I think this critique is based on a basic misunderstanding of what the word “femme” is doing in this context.

The way I understand it is that “femme” here is a self-identification used by AMAB folks who in my cultural context would be trans women, trans-feminine, or femme-of-center NB, but who do not identify with any of those terms. And so in a situation where I might say “cis and trans women survival sex workers are at particularly high risk of sexual violence”, someone who identifies as a femme man might not see that message as including them. It’s an attempt to reflect a group’s self-identification when talking to and about them. And to get away from terms like “men who have sex with men” which is a top-down epidemiology term that has in the past included statistics about trans women (!?!?!?).

Boom pins the history of butch/femme only within the lesbian community but that ignores any history of gender roles in gay men’s history. Boom specifically mentions femme women and femme NB folks and ignores femme men. I do not know all the details of the history of “femme” within gay male communities, but based on The Queen’s Throat (1993) it appears that “no fats, no femmes” was already in wide circulation in the men-seeking-men personals by the early 90s.

There is also a historical association of the term femme with sex work in particular. My first exposure to this was in Stone Butch Blues, which Boom references, but she ignores the sex work part of the 1960s femme identity. A Tumblr comment that has particularly stuck with me is  “i see yr ‘dont use the word femme if you aren’t a lesbian’ and counter to you ‘dont use the word femme if you have never done sex work’” (birlinterrupted 9/14/18 http://birlinterrupted.tumblr.com/post/178081873964/i-see-yr-dont-use-the-word-femme-if-you-arent-a) [See also this article in Feral Feminisms: https://feralfeminisms.com/sex-work-and-allyship/]

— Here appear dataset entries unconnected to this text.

(* Let $\mathcal{W}$ be a weakly exact structure on an additive category $\mathcal{A}$. Let $I$ be the class of admissible monics of $\mathcal{W}$ and $\mathcal{D}$ the class of admissible epics of $\mathcal{W}$. Then $I$ is a right weakly exact structure and $\mathcal{D}$ is a left weakly exact structure on $\mathcal{A}$. Consequently every weakly exact structure arises from a pair (left weakly exact structure, right weakly exact structure) by taking all kernel-cokernel pairs $(i,d)$ with $i\in I$, $d\in\mathcal{D}$.
   Context: Let $\mathcal{A}$ be an additive category. A kernel-cokernel pair (short exact sequence) is a pair of composable morphisms $A\xrightarrow{i}B\xrightarrow{d}C$ with $i$ a kernel of $d$ and $d$ a cokernel of $i$. A weakly exact structure on $\mathcal{A}$ is a class $\mathcal{W}$ of kernel-cokernel pairs, closed under isomorphisms of sequences and under finite direct sums of sequences, such that, calling $i$ an admissible monic (resp. $d$ an admissible epic) if $(i,d)\in\mathcal{W}$ for some $d$ (resp. some $i$): (E0) $1_A$ is an admissible monic for every object $A$; (E0)$^{op}$ $1_A$ is an admissible epic for every object $A$; (E2) for every admissible monic $i:A\to B$ and every morphism $t:A\to C$ the pushout of $i$ along $t$ exists and the resulting morphism $C\to S$ is an admissible monic; (E2)$^{op}$ for every admissible epic $h:A\to C$ and every morphism $t:B\to C$ the pullback of $h$ along $t$ exists and the resulting morphism $P\to B$ is an admissible epic. A right weakly exact structure on $\mathcal{A}$ is a class $I$ of morphisms that are kernels, closed under isomorphisms (of arrows), such that: (Id) for every object $X$, $1_X\in I$ and $0\to X$ is in $I$; (P) for every $f:X\to Y$ in $I$ and every morphism $h:X\to X'$ the pushout of $f$ along $h$ exists and the resulting morphism $f':X'\to Y'$ lies in $I$; (Q) if $A\xrightarrow{a}B\xrightarrow{b}C$ with $ba\in I$ and $a$ has a cokernel, then $a\in I$; (S) $I$ is closed under direct sums of morphisms. A left weakly exact structure is a class $\mathcal{D}$ of morphisms that are cokernels, closed under isomorphisms, satisfying the dual conditions: (Id$^{op}$) $1_X\in\mathcal{D}$ and $X\to 0$ is in $\mathcal{D}$ for all $X$; (P$^{op}$) pullbacks of morphisms in $\mathcal{D}$ along arbitrary morphisms exist and yield morphisms in $\mathcal{D}$; (Q$^{op}$) if $ba\in\mathcal{D}$ and $b$ has a kernel then $b\in\mathcal{D}$; (S$^{op}$) $\mathcal{D}$ is closed under direct sums of morphisms. *)

theory Defs
  imports Main
begin

text \<open>Categories with explicit object and arrow carriers; composition
  Comp g f means g after f.  Additive structure on hom-sets.\<close>

record ('o,'m) addcat =
  Obj  :: "'o set"
  Arr  :: "'m set"
  Dom  :: "'m \<Rightarrow> 'o"
  Cod  :: "'m \<Rightarrow> 'o"
  Id   :: "'o \<Rightarrow> 'm"
  Comp :: "'m \<Rightarrow> 'm \<Rightarrow> 'm"
  Add  :: "'m \<Rightarrow> 'm \<Rightarrow> 'm"
  Zero :: "'o \<Rightarrow> 'o \<Rightarrow> 'm"
  Neg  :: "'m \<Rightarrow> 'm"

definition hom :: "('o,'m,'x) addcat_scheme \<Rightarrow> 'o \<Rightarrow> 'o \<Rightarrow> 'm set" where
  "hom C X Y = {f \<in> Arr C. Dom C f = X \<and> Cod C f = Y}"

definition category :: "('o,'m,'x) addcat_scheme \<Rightarrow> bool" where
  "category C \<longleftrightarrow>
     (\<forall>f \<in> Arr C. Dom C f \<in> Obj C \<and> Cod C f \<in> Obj C) \<and>
     (\<forall>X \<in> Obj C. Id C X \<in> hom C X X) \<and>
     (\<forall>X \<in> Obj C. \<forall>Y \<in> Obj C. \<forall>Z \<in> Obj C. \<forall>f \<in> hom C X Y. \<forall>g \<in> hom C Y Z.
        Comp C g f \<in> hom C X Z) \<and>
     (\<forall>f \<in> Arr C. Comp C f (Id C (Dom C f)) = f \<and> Comp C (Id C (Cod C f)) f = f) \<and>
     (\<forall>f \<in> Arr C. \<forall>g \<in> Arr C. \<forall>h \<in> Arr C. Cod C f = Dom C g \<and> Cod C g = Dom C h \<longrightarrow>
        Comp C h (Comp C g f) = Comp C (Comp C h g) f)"

definition preadditive :: "('o,'m,'x) addcat_scheme \<Rightarrow> bool" where
  "preadditive C \<longleftrightarrow> category C \<and>
     (\<forall>X \<in> Obj C. \<forall>Y \<in> Obj C.
        Zero C X Y \<in> hom C X Y \<and>
        (\<forall>f \<in> hom C X Y. \<forall>g \<in> hom C X Y. Add C f g \<in> hom C X Y) \<and>
        (\<forall>f \<in> hom C X Y. Neg C f \<in> hom C X Y) \<and>
        (\<forall>f \<in> hom C X Y. \<forall>g \<in> hom C X Y. \<forall>h \<in> hom C X Y.
           Add C (Add C f g) h = Add C f (Add C g h)) \<and>
        (\<forall>f \<in> hom C X Y. \<forall>g \<in> hom C X Y. Add C f g = Add C g f) \<and>
        (\<forall>f \<in> hom C X Y. Add C (Zero C X Y) f = f) \<and>
        (\<forall>f \<in> hom C X Y. Add C (Neg C f) f = Zero C X Y)) \<and>
     (\<forall>X \<in> Obj C. \<forall>Y \<in> Obj C. \<forall>Z \<in> Obj C. \<forall>f \<in> hom C X Y. \<forall>g \<in> hom C X Y.
        \<forall>h \<in> hom C Y Z. Comp C h (Add C f g) = Add C (Comp C h f) (Comp C h g)) \<and>
     (\<forall>X \<in> Obj C. \<forall>Y \<in> Obj C. \<forall>Z \<in> Obj C. \<forall>f \<in> hom C X Y.
        \<forall>g \<in> hom C Y Z. \<forall>h \<in> hom C Y Z. Comp C (Add C g h) f = Add C (Comp C g f) (Comp C h f))"

text \<open>In a preadditive category, Z is a zero object iff its identity is zero.\<close>
definition zero_obj :: "('o,'m,'x) addcat_scheme \<Rightarrow> 'o \<Rightarrow> bool" where
  "zero_obj C Z \<longleftrightarrow> Z \<in> Obj C \<and> Id C Z = Zero C Z Z"

definition biprod :: "('o,'m,'x) addcat_scheme \<Rightarrow> 'o \<Rightarrow> 'o \<Rightarrow> 'o \<Rightarrow> 'm \<Rightarrow> 'm \<Rightarrow> 'm \<Rightarrow> 'm \<Rightarrow> bool" where
  "biprod C A B S i1 i2 p1 p2 \<longleftrightarrow> S \<in> Obj C \<and>
     i1 \<in> hom C A S \<and> i2 \<in> hom C B S \<and> p1 \<in> hom C S A \<and> p2 \<in> hom C S B \<and>
     Comp C p1 i1 = Id C A \<and> Comp C p2 i2 = Id C B \<and>
     Comp C p2 i1 = Zero C A B \<and> Comp C p1 i2 = Zero C B A \<and>
     Add C (Comp C i1 p1) (Comp C i2 p2) = Id C S"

Boom’s comparison of “women and femmes” to “men and butches” seems like a straw man. You could sensibly group cis men, trans men, trans masc folks, and masc of center NB folks together in some contexts (e.g. when talking about Grindr users). Butch lesbians would not be included in this, because, as I understand it, women who take on the term “butch lesbian” instead of “masc-of-center NB” are making a specific statement that their gender presentation is defined only in terms of women and is totally separate from (cis or trans) men and masculinity.

In terms of looking at the way misogyny targets femininity (which as Boom points out, excludes all the ways that non-gender conforming women suffer from misogyny), I think the problem is that misogyny includes many different kinds of oppression, and some of those (such as anti-femininity, receptive partner stigma, and sex work stigma) can apply to anyone femme-of-center, including gay men. And these kinds of femme-phobia can happen within the queer and feminist communities. You can argue about whether umbrella terms like misogyny are useful when what you mean is femme-phobia, but there the imprecise word is misogyny not femme.

Ultimately, I don’t actually think that “women and femmes” is a broadly useful construction. If what you mean is “everyone except cis men” you should say that. Another term I’ve heard incorrectly used is “non-male identified folks” used when the person is not intending to specifically exclude trans men. But there are times when “women and femmes” is exactly what the speaker means.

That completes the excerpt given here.